Alla scoperta del serial turco e delle ragioni del suo successo: le narrazioni, il rapporto con il pubblico, lo sviluppo dell’industria tv locale.

Una giovane coppia vestita di tutto punto, lui in abito nero, lei stretta in un tubino color canna da zucchero con un taglio triangolare a sottolineare un perfetto decolté, fa il suo ingresso in una villa moderna illuminata da fasci di luci fluorescenti, quegli stessi neon che la notte puntellano le rive del Bosforo. Nel salone, sapientemente ripreso dall’alto, un numero di invitati attende l’apertura delle danze. È la festa di un matrimonio. Archi e percussioni non danno tregua, incalzano a drammatizzare ogni campo stretto di volti bellissimi che paiono immuni all’invecchiamento. Una rapida sequenza di scambi di sguardi pieni di pathos. Una ragazza sorseggia dell’acqua da un flûte da champagne.

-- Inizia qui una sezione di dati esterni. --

lemma nat_of_bits_of_nat [simp]: "nat_of_bits (bits_of_nat m n) = n mod 2 ^ m"
proof (induction m arbitrary: n)
  case (Suc m)
  have "n mod (2 * 2 ^ m) = 2 * (n div 2 mod 2 ^ m) + n mod 2"
    by (rule mod_mult2_eq)
  then show ?case
    using Suc by (simp add: odd_iff_mod_2_eq_one)
qed (simp add: nat_of_bits_def)

lemma bits_of_nat_of_bits [simp]: "length xs = m \<Longrightarrow> bits_of_nat m (nat_of_bits xs) = xs"
  by (induction xs arbitrary: m rule: rev_induct) auto

lemma nat_of_bits_inject: "length xs = length ys \<Longrightarrow> nat_of_bits xs = nat_of_bits ys \<longleftrightarrow> xs = ys"
  by (metis bits_of_nat_of_bits)

lemma bits_of_nat_mod [simp]: "bits_of_nat m (n mod 2 ^ m) = bits_of_nat m n"
  by (metis bits_of_nat_of_bits length_bits_of_nat nat_of_bits_of_nat)

lemma bits_of_nat_add_mod: "bits_of_nat m (a + b mod 2 ^ m) = bits_of_nat m (a + b)"
  by (metis bits_of_nat_mod mod_add_right_eq)

lemma bits_of_nat_Suc: "bits_of_nat (Suc m) n = odd (n div 2 ^ m) # bits_of_nat m n"
  by (induction m arbitrary: n) (simp_all add: div_mult2_eq)

section \<open>Cantor space and the map \<open>pi\<close>\<close>

definition shift :: "nat \<Rightarrow> cantor \<Rightarrow> cantor" where
  "shift n w = (\<lambda>k. w (k + n))"

lemma shift_0 [simp]: "shift 0 w = w"
  by (simp add: shift_def)

lemma shift_shift: "shift m (shift n w) = shift (m + n) w"
  by (simp add: shift_def ac_simps)

lemma length_pref [simp]: "length (pref n w) = n"
  by (simp add: pref_def)

lemma pref_0 [simp]: "pref 0 w = []"
  by (simp add: pref_def)

lemma pref_Suc: "pref (Suc n) w = pref n w @ [w n]"
  by (simp add: pref_def)

lemma pref_Suc_Cons: "pref (Suc n) w = w 0 # pref n (shift 1 w)"
  by (rule nth_equalityI) (auto simp del: upt_Suc simp: pref_def shift_def nth_Cons split: nat.split)

lemma conc_append: "conc (p @ q) w = conc p (conc q w)"
  by (auto simp: conc_def nth_append)

lemma conc_pref_shift [simp]: "conc (pref n w) (shift n w) = w"
  by (auto simp: conc_def pref_def shift_def)

lemma pref_conc [simp]: "pref (length p) (conc p w) = p"
  by (rule nth_equalityI) (auto simp: pref_def conc_def)

lemma shift_conc [simp]: "shift (length p) (conc p w) = w"
  by (auto simp: shift_def conc_def)

lemma pref_conc_ge: "length p \<le> n \<Longrightarrow> pref n (conc p w) = p @ pref (n - length p) w"
  by (rule nth_equalityI) (auto simp: pref_def conc_def nth_append)

lemma shift_conc_ge: "length p \<le> n \<Longrightarrow> shift n (conc p w) = shift (n - length p) w"
  by (auto simp: shift_def conc_def)

lemma pref_conc_le: "n \<le> length p \<Longrightarrow> pref n (conc p w) = take n p"
  by (rule nth_equalityI) (auto simp: pref_def conc_def)

lemma shift_conc_le: "n \<le> length p \<Longrightarrow> shift n (conc p w) = conc (drop n p) w"
  by (auto simp: shift_def conc_def add.commute)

Comincia un ballo in slow motion tra un uomo e una donna, chiaramente attratti l’uno dall’altra ma probabilmente impossibilitati ad amarsi. Otto minuti dopo il ballo è terminato, usciamo dalla villa, il ballerino entra in macchina e si allontana. Una veduta aerea della città che fa pensare a New York invece che alla vecchia Costantinopoli. All’interno di un appartamento una giovane coppia mangia popcorn sul divano mentre guarda la televisione. Il nostro ballerino ferma la macchina, sale le scale e suona alla porta. “Chi sarà?” chiede lei. “Non so, vado a vedere”. Inquadratura dall’alto, i due uomini dai lati opposti della porta che resta chiusa. A mercoledì prossimo, fine.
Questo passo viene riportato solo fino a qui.